The task
Could you copy exactly the line that contains "using assms(3) by" and every line after it to the end of the records, and nothing more?

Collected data
(* Let $\Omega \subset \mathbb{R}^d$ with $d \ge 3$ be a bounded Lipschitz domain. Define the conformal Killing space $$\mathbf{CK}\coloneqq\{\boldsymbol{u}:\ \boldsymbol{u}(\mathbf{x}) = \mathbf{a} + \lambda\mathbf{x} + A\mathbf{x} + 2(\mathbf{b}\cdot\mathbf{x})\mathbf{x} - \|\mathbf{x}\|^2\mathbf{b}\ \text{ for } \mathbf{x}\in\Omega\},$$ where $\mathbf{a}, \mathbf{b} \in \mathbb{R}^d$, $\lambda \in \mathbb{R}$, and $A \in \mathbb{R}^{d\times d}$ is skew-symmetric. If $\boldsymbol{\varphi}\in \mathbf{CK}$ satisfies $\boldsymbol{\varphi}|_{\partial\Omega}=\mathbf{0}$, then $\boldsymbol{\varphi}=\mathbf{0}$ in $\Omega$.
   Context: $\|\mathbf{x}\|$ denotes the Euclidean norm of $\mathbf{x}\in\mathbb{R}^d$. *)

theory Defs
  imports "HOL-Analysis.Analysis"
begin

definition lipschitz_domain :: "(real ^ 'n) set \<Rightarrow> bool" where
  "lipschitz_domain \<Omega> \<longleftrightarrow>
     open \<Omega> \<and> connected \<Omega> \<and> \<Omega> \<noteq> {} \<and>
     (\<forall>p \<in> frontier \<Omega>. \<exists>r > 0. \<exists>e :: real ^ 'n. \<exists>h :: real ^ 'n \<Rightarrow> real. \<exists>L.
        norm e = 1 \<and>
        L-lipschitz_on {y. y \<bullet> e = 0} h \<and>
        \<Omega> \<inter> ball p r = {x \<in> ball p r. x \<bullet> e < h (x - (x \<bullet> e) *\<^sub>R e)})"

definition ck_field ::
  "real ^ 'n \<Rightarrow> real \<Rightarrow> real ^ 'n ^ 'n \<Rightarrow> real ^ 'n \<Rightarrow> real ^ 'n \<Rightarrow> real ^ 'n" where
  "ck_field a lam A b x =
     a + lam *\<^sub>R x + A *v x + (2 * (b \<bullet> x)) *\<^sub>R x - (norm x)\<^sup>2 *\<^sub>R b"

end

theory Submission
  imports Defs
begin

text \<open>Along a line x + t v the field \<phi> is a vector-valued quadratic polynomial in t whose
leading coefficient is the special conformal part 2 (b.v) v - |v|^2 b of \<phi>, i.e. the value at v
of the field with parameters a = 0, lambda = 0, A = 0. For x in \<Omega>, boundedness and openness
make the line leave \<Omega> on both sides of x, so the polynomial has roots t1 < 0 < t2 and hence
\<phi>(x) = t1 t2 (2 (b.v) v - |v|^2 b) for every direction v. Comparing the directions v and v + b
with v orthogonal to b forces \<phi>(x) = 0.\<close>

lemma ck_field_special_conformal:
  "ck_field 0 0 0 b v = (2 * (b \<bullet> v)) *\<^sub>R v - (norm v)\<^sup>2 *\<^sub>R b"
  by (simp add: ck_field_def)

lemma ck_field_along_line:
  "ck_field a lam A b (x + t *\<^sub>R v) = ck_field a lam A b x
     + t *\<^sub>R (lam *\<^sub>R v + A *v v + (2 * (b \<bullet> v)) *\<^sub>R x + (2 * (b \<bullet> x)) *\<^sub>R v
              - (2 * (x \<bullet> v)) *\<^sub>R b)
     + t\<^sup>2 *\<^sub>R ck_field 0 0 0 b v"
proof -
  have "(norm (x + t *\<^sub>R v))\<^sup>2 = (norm x)\<^sup>2 + 2 * t * (x \<bullet> v) + t\<^sup>2 * (norm v)\<^sup>2"
    unfolding power2_norm_eq_inner
    by (simp add: inner_add_left inner_add_right inner_commute algebra_simps power2_eq_square
        del: inner_real_def)
  then show ?thesis
    unfolding ck_field_def
    by (simp add: algebra_simps inner_add inner_commute matrix_vector_right_distrib
        power2_eq_square)
qed

lemma quadratic_two_roots_constant_term:
  fixes f :: "real \<Rightarrow> 'a::real_vector"
  assumes f: "\<And>t. f t = c0 + t *\<^sub>R c1 + t\<^sup>2 *\<^sub>R c2"
    and "f t1 = 0" and "f t2 = 0" and "t1 \<noteq> t2"
  shows "c0 = (t1 * t2) *\<^sub>R c2"
proof -
  have "t2 *\<^sub>R f t1 - t1 *\<^sub>R f t2 = 0"
    using assms(2,3) by simp
  then have "(t2 - t1) *\<^sub>R (c0 - (t1 * t2) *\<^sub>R c2) = 0"
    unfolding f by (simp add: algebra_simps power2_eq_square)
  then show ?thesis
    using assms(4) by simp
qed

lemma ck_field_multiple_of_special_conformal:
  assumes "bounded \<Omega>" and "x \<in> interior \<Omega>" and "v \<noteq> 0"
    and "\<forall>y \<in> frontier \<Omega>. ck_field a lam A b y = 0"
  shows "\<exists>k. ck_field a lam A b x = k *\<^sub>R ck_field 0 0 0 b v"
proof -
  obtain t where "t > 0" and t: "x + t *\<^sub>R v \<in> frontier \<Omega>"
    using ray_to_frontier[OF assms(1,2,3)] by blast
  obtain s where "s > 0" and s: "x + s *\<^sub>R (- v) \<in> frontier \<Omega>"
    using ray_to_frontier[OF assms(1,2), of "- v"] assms(3) by auto
  have "ck_field a lam A b (x + (- s) *\<^sub>R v) = 0" and "ck_field a lam A b (x + t *\<^sub>R v) = 0"
    using s t assms(4) by auto
  moreover have "- s \<noteq> t"
    using \<open>s > 0\<close> \<open>t > 0\<close> by simp
  ultimately have "ck_field a lam A b x = (- s * t) *\<^sub>R ck_field 0 0 0 b v"
    by (rule quadratic_two_roots_constant_term[OF ck_field_along_line])
  then show ?thesis ..
qed

lemma multiple_of_every_special_conformal_value_eq_0:
  fixes w b :: "real ^ 'n"
  assumes "CARD('n) \<ge> 2"
    and multiple: "\<And>v. v \<noteq> 0 \<Longrightarrow> \<exists>k. w = k *\<^sub>R ck_field 0 0 0 b v"
  shows "w = 0"
proof -
  obtain v :: "real ^ 'n" where "v \<noteq> 0" and "orthogonal b v"
    using orthogonal_to_vector_exists[of b] assms(1) by auto
  then have bv: "b \<bullet> v = 0" and "v \<bullet> v > 0"
    by (auto simp: orthogonal_def)
  obtain k where "w = k *\<^sub>R ck_field 0 0 0 b v"
    using multiple \<open>v \<noteq> 0\<close> by blast
  then have "w \<bullet> v = 0"
    using bv by (simp add: ck_field_special_conformal inner_diff_left inner_commute)
  have "(v + b) \<bullet> v = v \<bullet> v" and "b \<bullet> (v + b) = b \<bullet> b"
    using bv by (simp_all add: inner_add_left inner_add_right inner_commute)
  then have "v + b \<noteq> 0"
    using \<open>v \<bullet> v > 0\<close> by auto
  then obtain k' where k': "w = k' *\<^sub>R ck_field 0 0 0 b (v + b)"
    using multiple by blast
  then have "w \<bullet> v = k' * (2 * (b \<bullet> b) * (v \<bullet> v))"
    using bv \<open>(v + b) \<bullet> v = v \<bullet> v\<close> \<open>b \<bullet> (v + b) = b \<bullet> b\<close>
    by (simp add: ck_field_special_conformal inner_diff_left)
  with \<open>w \<bullet> v = 0\<close> \<open>v \<bullet> v > 0\<close> have "k' = 0 \<or> b = 0"
    by simp
  then show ?thesis
    using k' by (auto simp: ck_field_special_conformal)
qed

theorem mainTheorem1:
  fixes \<Omega> :: "(real ^ 'n) set"
    and a b :: "real ^ 'n" and lam :: real and A :: "real ^ 'n ^ 'n"
  assumes "CARD('n) \<ge> 3"
    and "bounded \<Omega>" and "lipschitz_domain \<Omega>"
    and "transpose A = - A"
    and "\<forall>x \<in> frontier \<Omega>. ck_field a lam A b x = 0"
  shows "\<forall>x \<in> \<Omega>. ck_field a lam A b x = 0"
proof
  fix x
  assume "x \<in> \<Omega>"
  moreover have "open \<Omega>"
    using assms(3) by (simp add: lipschitz_domain_def)
  ultimately have "x \<in> interior \<Omega>"
    by (simp add: interior_open)
  then show "ck_field a lam A b x = 0"
    using assms(1,2,5)
    by (intro multiple_of_every_special_conformal_value_eq_0[of _ b]
        ck_field_multiple_of_special_conformal) auto
qed

end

Your response
    using assms(3) by (simp add: lipschitz_domain_def)
  ultimately have "x \<in> interior \<Omega>"
    by (simp add: interior_open)
  then show "ck_field a lam A b x = 0"
    using assms(1,2,5)
    by (intro multiple_of_every_special_conformal_value_eq_0[of _ b]
        ck_field_multiple_of_special_conformal) auto
qed

end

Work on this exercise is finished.